True Monkey schrieb:


> Schau mal bei dir bei Steam unter Downloads ....da steht dann zu deinem spiel der key



nein das steht da wo ich geschriebene habe -.- des weiteren hatte er doch versucht es anzuzeigen und den Fehler bekommen...


----------



## Eiche (23. Juli 2013)

*AW: Steam CD Key Problem*

beim mir immer sofort nur einmal da habe die zuwenig keys eingeplant


----------



## True Monkey (23. Juli 2013)

*AW: Steam CD Key Problem*



> nicht in steht er nocht das steht da wo ich geschriebene habe


 

.......was für eine Sprache ist das ? 

sry das versteh ich beim besten willen nicht


----------



## Shona (23. Juli 2013)

*AW: Steam CD Key Problem*



True Monkey schrieb:


> .......was für eine Sprache ist das ?
> 
> sry das versteh ich beim besten willen nicht


 Handy App + Swift Key^^ da kommt meist so was raus wenn ich schnell schreibe und einfach absenden drücke 
Habs verbessert


----------



## True Monkey (23. Juli 2013)

*AW: Steam CD Key Problem*

ok ... jetzt verstehe ich es auch 

Ich zock eigendlich nicht oft und als beim letzten mal der Key bei Steam nicht passte fand ich dann den richtigen bei den Downloads.
Daher meine Annahme da sei er.


----------



## Shona (23. Juli 2013)

True Monkey schrieb:


> ok ... jetzt verstehe ich es auch
> 
> Ich zock eigendlich nicht oft und als beim letzten mal der Key bei Steam nicht passte fand ich dann den richtigen bei den Downloads.
> Daher meine Annahme da sei er.



du meinst nicht downloads sonder bibliothek/library   den downloads zeigt nur downloads und nichts anderes


----------



## True Monkey (23. Juli 2013)

*AW: Steam CD Key Problem*

^^kann auch sein ...wie gesagt ich mach selten was mit Steam


----------



## FraSiWa (27. Juli 2013)

*AW: Steam CD Key Problem*



ryzen1 schrieb:


> Diese Meldung habe ich bei mir glaube ich noch nie gesehen
> Welche Bezahlmethode hast du denn gewählt?


 
Ich bezahle immer mit Steam Guthabenkarten von Gamestop

PS: Sorry dass ich mich erst jetzt wieder melde, hatte einfach keine Zeit


----------



## Shona (27. Juli 2013)

*AW: Steam CD Key Problem*



FraSiWa schrieb:


> Ich bezahle immer mit Steam Guthabenkarten von Gamestop
> 
> PS: Sorry dass ich mich erst jetzt wieder melde, hatte einfach keine Zeit


Dann ist es so oder so egal weil Steam Wallet das schnellste von allen ist 
Es ist wie gesagt meine Vermutung das Valve einfach mal wieder die Keys ausgegangen sind passiert öfters. Welche Spiele hasten den gekauft bei denen das Problem war?


----------



## FraSiWa (27. Juli 2013)

*AW: [Gelöst] Steam CD Key Problem*

Ich hab das Problem jetzt schon bei 8 Spielen gehabt - so viele hab ich, die nen CD-Key verlangen.

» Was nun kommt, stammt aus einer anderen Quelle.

(* Assume $\eta_a\neq q^{j}\eta_b$ for all $j\in\{-1,0,1\}$ and $1\le a<b\le\mathsf N$. For $\mathbf h,\mathbf h'\in\{0,1\}^{\mathsf N}$ the pairing of the left SOV covector $\langle\mathbf h|$ with the right SOV vector $|\mathbf h'\rangle$ satisfies $\langle\mathbf h|\mathbf h'\rangle=0$ if $\mathbf h\neq\mathbf h'$, and $\langle h_1,\dots,h_{\mathsf N}|h_1,\dots,h_{\mathsf N}\rangle=\prod_{1\le b<a\le\mathsf N}\frac{1}{\eta_aq^{h_b-h_a}/\eta_b-\eta_b/(q^{h_b-h_a}\eta_a)}$. Equivalently, with the change-of-basis matrices $U^{(L)},U^{(R)}$ defined by $\langle\mathbf y_j|=\sum_iU^{(L)}_{j,i}\langle\mathbf x_i|$ and $|\mathbf y_j\rangle=\sum_iU^{(R)}_{i,j}|\mathbf x_i\rangle$, the matrix $U^{(L)}U^{(R)}$ is diagonal with these diagonal entries.
   Context: Fix $q=e^{\eta}\in\mathbb C$, $q\neq\pm1$, $\mathsf N\ge1$, inhomogeneities $\eta_1,\dots,\eta_{\mathsf N}\in\mathbb C\setminus\{0\}$. $\mathcal R_{\mathsf N}=\bigotimes_{n=1}^{\mathsf N}\mathbb C^2$, $\mathcal L_{\mathsf N}$ its dual; $\langle\cdot|\cdot\rangle$ is the canonical pairing, with $|1,n\rangle,|-1,n\rangle$ the $\sigma^z_n$-eigenbasis and $\langle k,n|k',n\rangle=\delta_{k,k'}$; $\sigma^+=E_{12}$, $\sigma^-=E_{21}$. Lax operator $\mathsf L_{0n}(\lambda)=\begin{pmatrix}x_+(\lambda)+x_-(\lambda)\sigma^z_n & (q-q^{-1})\sigma^-_n\\ (q-q^{-1})\sigma^+_n & x_+(\lambda)-x_-(\lambda)\sigma^z_n\end{pmatrix}$, $x_\pm(\lambda)=\tfrac12(\lambda q-(q\lambda)^{-1}\pm(\lambda-\lambda^{-1}))$; monodromy $\mathsf M_0(\lambda)=\mathsf L_{0\mathsf N}(\lambda/\eta_{\mathsf N})\cdots\mathsf L_{01}(\lambda/\eta_1)=\begin{pmatrix}\mathsf A&\mathsf B\\ \mathsf C&\mathsf D\end{pmatrix}(\lambda)$. $a(\lambda)=-\prod_n(\lambda q/\eta_n-\eta_n/(\lambda q))$, $d(\lambda)=\prod_n(\lambda/\eta_n-\eta_n/\lambda)$. $\langle0|=\bigotimes_n\langle1,n|$, $|0\rangle=\bigotimes_n|1,n\rangle$, $\textsc{n}=\prod_{1\le b<a\le\mathsf N}(\eta_a/\eta_b-\eta_b/\eta_a)^{1/2}$. SOV states: $\langle\mathbf h|=\frac1{\textsc n}\langle0|\prod_n(\mathsf C(\eta_n)/d(\eta_n/q))^{h_n}$, $|\mathbf h\rangle=\frac1{\textsc n}\prod_n(\mathsf B(\eta_n)/a(\eta_n))^{h_n}|0\rangle$ for $\mathbf h\in\{0,1\}^{\mathsf N}$. Indexing: $j=\varkappa(\mathbf h)=1+\sum_a2^{a-1}h_a$, $\langle\mathbf y_j|=\langle\mathbf h|$, $|\mathbf y_j\rangle=|\mathbf h\rangle$, $\langle\mathbf x_j|=\bigotimes_n\langle2h_n-1,n|$, $|\mathbf x_j\rangle=\bigotimes_n|2h_n-1,n\rangle$. *)

theory Defs
  imports "HOL-Analysis.Analysis"
begin

text \<open>Quantum space R_N = tensor product of N copies of C^2.  A basis vector
  (sigma^z eigenbasis) is a configuration: a bool list of length N, where entry n
  is True for |1,n> (spin up, h_n = 1) and False for |-1,n> (h_n = 0).
  Sites are indexed 0..N-1 (paper: 1..N).  Vectors and covectors are coordinate
  functions on configurations; operators are given by their matrix elements
  op x y = <x| op |y>.\<close>

type_synonym qop = "bool list \<Rightarrow> bool list \<Rightarrow> complex"
type_synonym qvec = "bool list \<Rightarrow> complex"

definition confs :: "nat \<Rightarrow> bool list set" where
  "confs N = {x. length x = N}"

definition op_mult :: "nat \<Rightarrow> qop \<Rightarrow> qop \<Rightarrow> qop" where
  "op_mult N A B = (\<lambda>x y. \<Sum>z\<in>confs N. A x z * B z y)"

definition op_add :: "qop \<Rightarrow> qop \<Rightarrow> qop" where
  "op_add A B = (\<lambda>x y. A x y + B x y)"

definition op_zero :: qop where
  "op_zero = (\<lambda>x y. 0)"

definition op_id :: qop where
  "op_id = (\<lambda>x y. if x = y then 1 else 0)"

definition local_op :: "nat \<Rightarrow> nat \<Rightarrow> (bool \<Rightarrow> bool \<Rightarrow> complex) \<Rightarrow> qop" where
  "local_op N n m = (\<lambda>x y. if (\<forall>k<N. k \<noteq> n \<longrightarrow> x ! k = y ! k) then m (x ! n) (y ! n) else 0)"

definition loc_id :: "bool \<Rightarrow> bool \<Rightarrow> complex" where
  "loc_id a b = (if a = b then 1 else 0)"

definition sigma_z :: "bool \<Rightarrow> bool \<Rightarrow> complex" where
  "sigma_z a b = (if a = b then (if a then 1 else -1) else 0)"

text \<open>sigma^+ = E_12 : <1|sigma^+|-1> = 1;  sigma^- = E_21 : <-1|sigma^-|1> = 1.\<close>
definition sigma_plus :: "bool \<Rightarrow> bool \<Rightarrow> complex" where
  "sigma_plus a b = (if a \<and> \<not> b then 1 else 0)"

definition sigma_minus :: "bool \<Rightarrow> bool \<Rightarrow> complex" where
  "sigma_minus a b = (if \<not> a \<and> b then 1 else 0)"

definition x_plus :: "complex \<Rightarrow> complex \<Rightarrow> complex" where
  "x_plus q l = (l * q - 1 / (q * l) + (l - 1 / l)) / 2"

definition x_minus :: "complex \<Rightarrow> complex \<Rightarrow> complex" where
  "x_minus q l = (l * q - 1 / (q * l) - (l - 1 / l)) / 2"

text \<open>2x2 matrices (auxiliary space, indices 0,1) with operator entries.\<close>
type_synonym auxmat = "nat \<Rightarrow> nat \<Rightarrow> qop"

definition aux_mult :: "nat \<Rightarrow> auxmat \<Rightarrow> auxmat \<Rightarrow> auxmat" where
  "aux_mult N M1 M2 = (\<lambda>i j. op_add (op_mult N (M1 i 0) (M2 0 j)) (op_mult N (M1 i 1) (M2 1 j)))"

definition aux_id :: auxmat where
  "aux_id = (\<lambda>i j. if i = j then op_id else op_zero)"

definition lax :: "complex \<Rightarrow> nat \<Rightarrow> nat \<Rightarrow> complex \<Rightarrow> auxmat" where
  "lax q N n l = (\<lambda>i j.
     if i = 0 \<and> j = 0 then local_op N n (\<lambda>a b. x_plus q l * loc_id a b + x_minus q l * sigma_z a b)
     else if i = 0 \<and> j = 1 then local_op N n (\<lambda>a b. (q - 1 / q) * sigma_minus a b)
     else if i = 1 \<and> j = 0 then local_op N n (\<lambda>a b. (q - 1 / q) * sigma_plus a b)
     else local_op N n (\<lambda>a b. x_plus q l * loc_id a b - x_minus q l * sigma_z a b))"

text \<open>mono_aux n = L_{0n}(l/eta_n) ... L_{01}(l/eta_1) (0-based sites n-1,...,0).\<close>
fun mono_aux :: "complex \<Rightarrow> (nat \<Rightarrow> complex) \<Rightarrow> nat \<Rightarrow> complex \<Rightarrow> nat \<Rightarrow> auxmat" where
  "mono_aux q eta N l 0 = aux_id"
| "mono_aux q eta N l (Suc n) = aux_mult N (lax q N n (l / eta n)) (mono_aux q eta N l n)"

definition monodromy :: "complex \<Rightarrow> (nat \<Rightarrow> complex) \<Rightarrow> nat \<Rightarrow> complex \<Rightarrow> auxmat" where
  "monodromy q eta N l = mono_aux q eta N l N"

definition opB :: "complex \<Rightarrow> (nat \<Rightarrow> complex) \<Rightarrow> nat \<Rightarrow> complex \<Rightarrow> qop" where
  "opB q eta N l = monodromy q eta N l 0 1"

definition opC :: "complex \<Rightarrow> (nat \<Rightarrow> complex) \<Rightarrow> nat \<Rightarrow> complex \<Rightarrow> qop" where
  "opC q eta N l = monodromy q eta N l 1 0"

definition a_fun :: "complex \<Rightarrow> (nat \<Rightarrow> complex) \<Rightarrow> nat \<Rightarrow> complex \<Rightarrow> complex" where
  "a_fun q eta N l = - (\<Prod>n<N. l * q / eta n - eta n / (l * q))"

definition d_fun :: "(nat \<Rightarrow> complex) \<Rightarrow> nat \<Rightarrow> complex \<Rightarrow> complex" where
  "d_fun eta N l = (\<Prod>n<N. l / eta n - eta n / l)"

definition norm_sov :: "(nat \<Rightarrow> complex) \<Rightarrow> nat \<Rightarrow> complex" where
  "norm_sov eta N = (\<Prod>b<N. \<Prod>a\<in>{b<..<N}. csqrt (eta a / eta b - eta b / eta a))"

definition ref_state :: "nat \<Rightarrow> qvec" where
  "ref_state N = (\<lambda>x. if x = replicate N True then 1 else 0)"

definition covec_op :: "nat \<Rightarrow> qvec \<Rightarrow> qop \<Rightarrow> qvec" where
  "covec_op N v A = (\<lambda>y. \<Sum>x\<in>confs N. v x * A x y)"

definition op_vec :: "nat \<Rightarrow> qop \<Rightarrow> qvec \<Rightarrow> qvec" where
  "op_vec N A w = (\<lambda>x. \<Sum>y\<in>confs N. A x y * w y)"

definition pairing :: "nat \<Rightarrow> qvec \<Rightarrow> qvec \<Rightarrow> complex" where
  "pairing N v w = (\<Sum>x\<in>confs N. v x * w x)"

text \<open>Left SOV covector <h| = (1/n) <0| prod_n (C(eta_n)/d(eta_n/q))^{h_n},
  the product taken in the order n = 1, ..., N from left to right.\<close>
definition left_sov :: "complex \<Rightarrow> (nat \<Rightarrow> complex) \<Rightarrow> nat \<Rightarrow> bool list \<Rightarrow> qvec" where
  "left_sov q eta N h =
     fold (\<lambda>n v. if h ! n then (\<lambda>y. covec_op N v (opC q eta N (eta n)) y / d_fun eta N (eta n / q)) else v)
       [0..<N] (\<lambda>x. ref_state N x / norm_sov eta N)"

text \<open>Right SOV vector |h> = (1/n) prod_n (B(eta_n)/a(eta_n))^{h_n} |0>,
  the product taken in the order n = 1, ..., N from left to right.\<close>
definition right_sov :: "complex \<Rightarrow> (nat \<Rightarrow> complex) \<Rightarrow> nat \<Rightarrow> bool list \<Rightarrow> qvec" where
  "right_sov q eta N h =
     foldr (\<lambda>n w. if h ! n then (\<lambda>x. op_vec N (opB q eta N (eta n)) w x / a_fun q eta N (eta n)) else w)
       [0..<N] (\<lambda>x. ref_state N x / norm_sov eta N)"

end

theory Submission
  imports Defs
begin

text \<open>Both kinds of SOV states are eigenstates of \<open>D(\<lambda>)\<close>, with eigenvalue
  \<open>\<Prod>\<^sub>n (\<lambda> q\<^bsup>h\<^sub>n\<^esup>/\<eta>\<^sub>n - \<eta>\<^sub>n/(\<lambda> q\<^bsup>h\<^sub>n\<^esup>))\<close>: this follows from the RTT relation, proved site by
  site from the Yang-Baxter equation of the Lax matrix, together with the action of the monodromy
  matrix on the reference state. Evaluating at \<open>\<lambda> = \<eta>\<^sub>m / q\<close> separates any two different
  \<open>h\<close>, which gives orthogonality. For the diagonal pairings, the exchange relation of
  \<open>D(\<eta>\<^sub>m)\<close> and \<open>B(\<eta>\<^sub>m / q)\<close> between \<open>\<langle>h|\<close> and \<open>|h[m := 0]\<rangle>\<close>, combined with the quantum
  determinant, relates \<open>\<langle>h|h\<rangle>\<close> to \<open>\<langle>h[m := 0]|h[m := 0]\<rangle>\<close>; the claimed product satisfies the
  same recursion. Identities obtained for generic \<open>\<lambda>\<close> are extended to the remaining points by
  continuity.\<close>

lemma finite_confs [simp]: "finite (confs N)"
proof -
  have "confs N = {xs. set xs \<subseteq> UNIV \<and> length xs = N}" by (auto simp: confs_def)
  then show ?thesis using finite_lists_length_eq[of "UNIV::bool set" N] by simp
qed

*Edit:* Inzwischen habe ich vom Steam Support einen Tipp bekommen, mit dem es funktioniert:
Zuerst muss man Steam beenden.
Dann geht man ins Installationsverzeichnis von Steam (C:\Programme\Steam\userdata).
Hier finden sich mehrere Ordner mit Nummern. Man muss den öffnen, der die meisten Unterordner hat.
Hier öffnet man nun den Ordner "config" und löscht darin die Datei "localconfig.vdf"
Anschließend kann man die CD-Keys in Steam ganz einfach mit CD-Key anzeigen abrufen.


----------